In Dart, we merged tuples and records into a single construct. A record can have positional fields, named fields, or both. A record type can appear anywhere a type annotation is allowed. So in Dart these are both fine:

    (int, int) can() => (1, 2);
    ({int sum, int product}) alsoCan() => (sum: 1, product: 2);
    (int, {int remainder}) evenThis() => (1, remainder: 2);

The curly braces in the record type annotation distinguish the named fields from the positional ones. I don't love the syntax, but it's consistent with function parameter lists where the curly braces delimit the named parameters.

https://dart.dev/language/records

How do you distinguish a tuple with both positional and named fields from a tuple that has a record as a field

Like how do you write the type of (1, {sum:2}) ? Is it different from (1 , sum :2)?

The syntax is a little funny for mostly historical reasons. The curly braces are only part of the record type syntax. There's no ambiguity there because curly braces aren't used for anything else in type annotations (well, except for named parameters inside a function type's parameter list, but that's a different part of the grammar).

so my examples would be (1, (sum:2)) and (1, sum:2)?

Yes, exactly.

Hmm. Let me first check that I've understood what you care about

    struct First(this: i8, that: i64)
    struct Second(this: i8, that: i8)
    struct Third(that: i64, this: i8)
    struct Fourth(this: i8, that: i64)
    struct Fifth(some: i8, other: i64)

You want First and Fourth as the same type, but Second and Third are different - how about Fifth?

I see that this is different from Rust's existing product types, in which First and Fourth are always different types.

Second though, can you give me some examples where I'd want this? I can't say I have ever wished I had this, but that might be a different experience.

they're not asking for a structural typing overhaul, just a way to make ad-hoc anonymous types with named fields and pass them around. a lot of times with tuple return types you're left wondering what that random `usize` is supposed to represent, so having names for it would be very convenient. i don't see why, under the hood, it couldn't just be implemented the exact same way as current tuple return types

> they're not asking for a structural typing overhaul, just a way to make ad-hoc anonymous types with named fields and pass them around.

And their point is that the two boil down to the same thing, especially in a non-trivial program. If switching field positions around changes their semantics, tuples may well the most sensible choice.

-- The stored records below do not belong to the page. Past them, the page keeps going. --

(* Let $\Omega$ be a finite set and let $f_1,\ldots,f_n\in\mathbb{R}^{\Omega}$ be gambles. Let $$\mathcal M=\{p\in\mathbb{R}^{\Omega}: p\cdot f_i\ge 0 \text{ for } i=1,\ldots,n,\ p\cdot 1_\Omega=1\},$$ and assume $\mathcal M$ is a nonempty credal set (a nonempty, closed, convex set of probability mass vectors) and that for each $i$ there is $p\in\mathcal M$ with $p\cdot f_i=0$. For a gamble $h$ write $\underline{E}(h)=\min_{P\in\mathcal M}P\cdot h$. Let $E\in\mathcal M$, let $h$ be a gamble with $E\cdot h=\underline{E}(h)$, and let $I=\{i: E\cdot f_i=0\}$. For $i\in I$ let $f'_i$ be the unique vector such that $f_i-f'_i=c_i1_\Omega$ for some constant $c_i\in\mathbb{R}$ and $f'_i\cdot 1_\Omega=0$. Then there exist $\alpha'_i\ge 0$ for $i\in I$ and $\beta'\in\mathbb{R}$ such that $$h=\sum_{i\in I}\alpha'_i f'_i+\beta' 1_\Omega.$$ Moreover, $$\Big\|\sum_{i\in I}\alpha'_i f'_i\Big\|\le\Big\|\sum_{i\in I}\alpha'_i f'_i+\beta 1_\Omega\Big\|\quad\text{for every }\beta\in\mathbb{R}.$$
   Context: Gambles are real-valued maps on the finite set $\Omega$, identified with vectors in $\mathbb{R}^{\Omega}$; $f\cdot g=\sum_{x\in\Omega}f(x)g(x)$ is the standard inner product and $\|f\|=\sqrt{f\cdot f}$ the Euclidean norm; $1_\Omega$ is the constant gamble $1$. Linear previsions are identified with probability mass vectors $P$, with $P(f)=P\cdot f$. *)

theory Defs
  imports "HOL-Analysis.Analysis"
begin

definition gdot :: "('w::finite \<Rightarrow> real) \<Rightarrow> ('w \<Rightarrow> real) \<Rightarrow> real" where
  "gdot f g = (\<Sum>x\<in>UNIV. f x * g x)"

definition gnorm :: "('w::finite \<Rightarrow> real) \<Rightarrow> real" where
  "gnorm f = sqrt (gdot f f)"

definition gone :: "'w \<Rightarrow> real" where
  "gone = (\<lambda>_. 1)"

definition lower_exp :: "('w::finite \<Rightarrow> real) set \<Rightarrow> ('w \<Rightarrow> real) \<Rightarrow> real" where
  "lower_exp M h = (INF P\<in>M. gdot P h)"

definition centered :: "('w::finite \<Rightarrow> real) \<Rightarrow> ('w \<Rightarrow> real)" where
  "centered f = (THE g. (\<exists>c::real. \<forall>x. f x - g x = c) \<and> gdot g gone = 0)"

end

theory Submission
  imports Defs
begin

text \<open>If the minimiser E of h over M could be moved along a direction A that keeps the active
  constraints (A.f_i \<ge> 0 for i \<in> I, A.1 = 0) and strictly decreases h (A.h < 0), then E + tA
  would stay in M for small t > 0 and beat E.  By Farkas' lemma for the finitely generated cone
  spanned by the active f_i and the line through 1, no such A exists exactly when
  h = sum of alpha_i f_i over I plus beta 1, with all alpha_i \<ge> 0.  Replacing each f_i by its
  centred version only changes beta, and the centred combination is orthogonal to 1, so adding a
  multiple of 1 can only increase its norm.\<close>

lemma gdot_vec_lambda: "gdot p g = vec_lambda p \<bullet> (vec_lambda g :: real^'w::finite)"
  by (simp add: gdot_def inner_vec_def)

lemma gdot_add_scale_left: "gdot (\<lambda>x. p x + t * q x) g = gdot p g + t * gdot q g"
  by (simp add: gdot_def algebra_simps sum.distrib sum_distrib_left)

lemma gdot_sum_left:
  "gdot (\<lambda>x. \<Sum>i\<in>I. a i * g i x) u = (\<Sum>i\<in>I. a i * gdot (g i) u)"
  unfolding gdot_def by (simp add: sum_distrib_left sum_distrib_right sum.swap[of _ UNIV] mult.assoc)

lemma farkas_convex_cone_hull:
  fixes y :: "'a::euclidean_space"
  assumes "finite S" and "y \<notin> convex_cone hull S"
  obtains a where "\<forall>s\<in>S. 0 \<le> a \<bullet> s" and "a \<bullet> y < 0"
proof -
  let ?K = "convex_cone hull S"
  obtain a b where ay: "a \<bullet> y < b" and aK: "\<forall>x\<in>?K. b < a \<bullet> x"
    using separating_hyperplane_closed_point[OF convex_convex_cone_hull
        closed_convex_cone_hull[OF \<open>finite S\<close>] assms(2)] by blast
  have "b < 0" using aK convex_cone_hull_contains_0 by fastforce
  have "0 \<le> a \<bullet> x" if "x \<in> ?K" for x
  proof (rule ccontr)
    assume "\<not> 0 \<le> a \<bullet> x"
    then have "a \<bullet> x < 0" by simp
    \<comment> \<open>rescaling x within the cone drives a below the level b\<close>
    then have "(b / (a \<bullet> x)) *\<^sub>R x \<in> ?K"
      using \<open>b < 0\<close> that by (intro convex_cone_hull_mul) (simp_all add: divide_nonpos_neg)
    with aK have "b < a \<bullet> ((b / (a \<bullet> x)) *\<^sub>R x)" by blast
    with \<open>a \<bullet> x < 0\<close> show False by simp
  qed
  then show thesis
    using that[of a] ay \<open>b < 0\<close> hull_subset[of S convex_cone] by fastforce
qed
(* Let $n,T\in\mathbb{N}$ and let real numbers $r_{it}$, $i\in\{1,\ldots,n\}$, $t\in\{1,\ldots,T\}$, be given. Consider the random return vector $\boldsymbol{r}=(r_1,\ldots,r_n)^{\mathsf T}$ which takes the value $(r_{1t},\ldots,r_{nt})^{\mathsf T}$ in scenario $t$, each scenario $t\in\{1,\ldots,T\}$ having probability $1/T$, and let $\mu_i=\frac1T\sum_{t=1}^T r_{it}$, $\boldsymbol{\mu}=(\mu_1,\ldots,\mu_n)^{\mathsf T}$. Define the convex function $\mathrm{MAD}:\mathbb{R}^n\to\mathbb{R}$ by $$\mathrm{MAD}(\boldsymbol{x})=\mathbb{E}\big[|(\boldsymbol{r}-\boldsymbol{\mu})^{\mathsf T}\boldsymbol{x}|\big]=\frac1T\sum_{t=1}^T\Big|\sum_{i=1}^n (r_{it}-\mu_i)x_i\Big|,$$ and let $\partial\mathrm{MAD}(\boldsymbol{x})$ denote its (convex-analysis) subdifferential at $\boldsymbol{x}$. Let $\Delta^{n-1}=\{\boldsymbol{x}\in\mathbb{R}^n: x_i\ge0\ \forall i,\ \sum_i x_i=1\}$. Call $\boldsymbol{x}\in\Delta^{n-1}$ a MAD-RP portfolio if there exist $\boldsymbol{s}\in\partial\mathrm{MAD}(\boldsymbol{x})$ and $\lambda\in\mathbb{R}$ such that $x_i s_i=\lambda$ for all $i\in\{1,\ldots,n\}$ (i.e. there is a vector in $\{\boldsymbol{x}\cdot\boldsymbol{s}:\boldsymbol{s}\in\partial\mathrm{MAD}(\boldsymbol{x})\}$, $\cdot$ the componentwise product, all of whose components are equal). Suppose that the only vector $\boldsymbol{x}\in\mathbb{R}^n_+$ such that $(\boldsymbol{r}-\boldsymbol{\mu})^{\mathsf T}\boldsymbol{x}=0$ holds almost surely (i.e. $\sum_{i}(r_{it}-\mu_i)x_i=0$ for every $t$) is $\boldsymbol{x}=0$. Then there exists a unique MAD-RP portfolio.
   Context: $\mathbb{R}^n_+$ denotes the set of vectors in $\mathbb{R}^n$ with all components nonnegative. *)

theory Defs
  imports "HOL-Analysis.Analysis"
begin

text \<open>Scenario returns: r $ t $ i is the return of asset i in scenario t.
  Assets are indexed by the finite type 'n (n = CARD('n)), scenarios by the
  finite type 't (T = CARD('t)), each scenario having probability 1/T.\<close>

definition mean_ret :: "real^'n^'t::finite \<Rightarrow> real^'n" where
  "mean_ret r = (\<chi> i. (\<Sum>t\<in>UNIV. r $ t $ i) / real CARD('t))"

definition MAD :: "real^'n^'t::finite \<Rightarrow> real^'n::finite \<Rightarrow> real" where
  "MAD r x = (\<Sum>t\<in>UNIV. \<bar>\<Sum>i\<in>UNIV. (r $ t $ i - mean_ret r $ i) * x $ i\<bar>) / real CARD('t)"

As for "what that random usize is supposed to represent" that's something that can be addressed with in-code documentation, which Rust has great support for.

Also, if it's not just a "random usize" then you should use the new type paradigm. In a language like Rust that's not quite as smooth as it could possibly be, but it's transparent to the machine code. Rust's Option<OwnedFd> is the same machine code as C's int file descriptor, but the same ergonomics as a fancy Haskell type. We can't accidentally confuse "None, there isn't a file descriptor" for an actual file descriptor as we so easily could in C, nor can we mistakenly do arithmetic with file descriptors - which is nonsense but would work (hilarity ensues) in C.

If these aren't "random" usizes but FileSizes or ColumnNumbers or SocketTimeouts then say so and the confusion is eliminated.

It's interesting that languages which start with purely nominal structs tend to acquire some form of structurally typed records in the long run. E.g. C# has always had (nominally typed) structs, then .NET added (structurally typed) tuples, and then eventually the language added (still structurally typed) tuples with named items on top of that.

PHP has it all!

I think the main dividing line here is whether you want to lean into strict typing or whether you prefer a more loose typing structure. The extremes of both (where, for instance, the length of an array is part of its type definition or there are not contractual guarantees about data) are both awful. I think the level of type strictness you desire as a product is probably best dictated by team and project size (which you'll note changes over the lifetime of the product) with a lack of typing making it much easier to prototype early code while extremely strict typing can serve as a strong code contract in a large codebase where no one person can still comprehend the entirety of it.

It's a constant push and pull of conflicting motivations.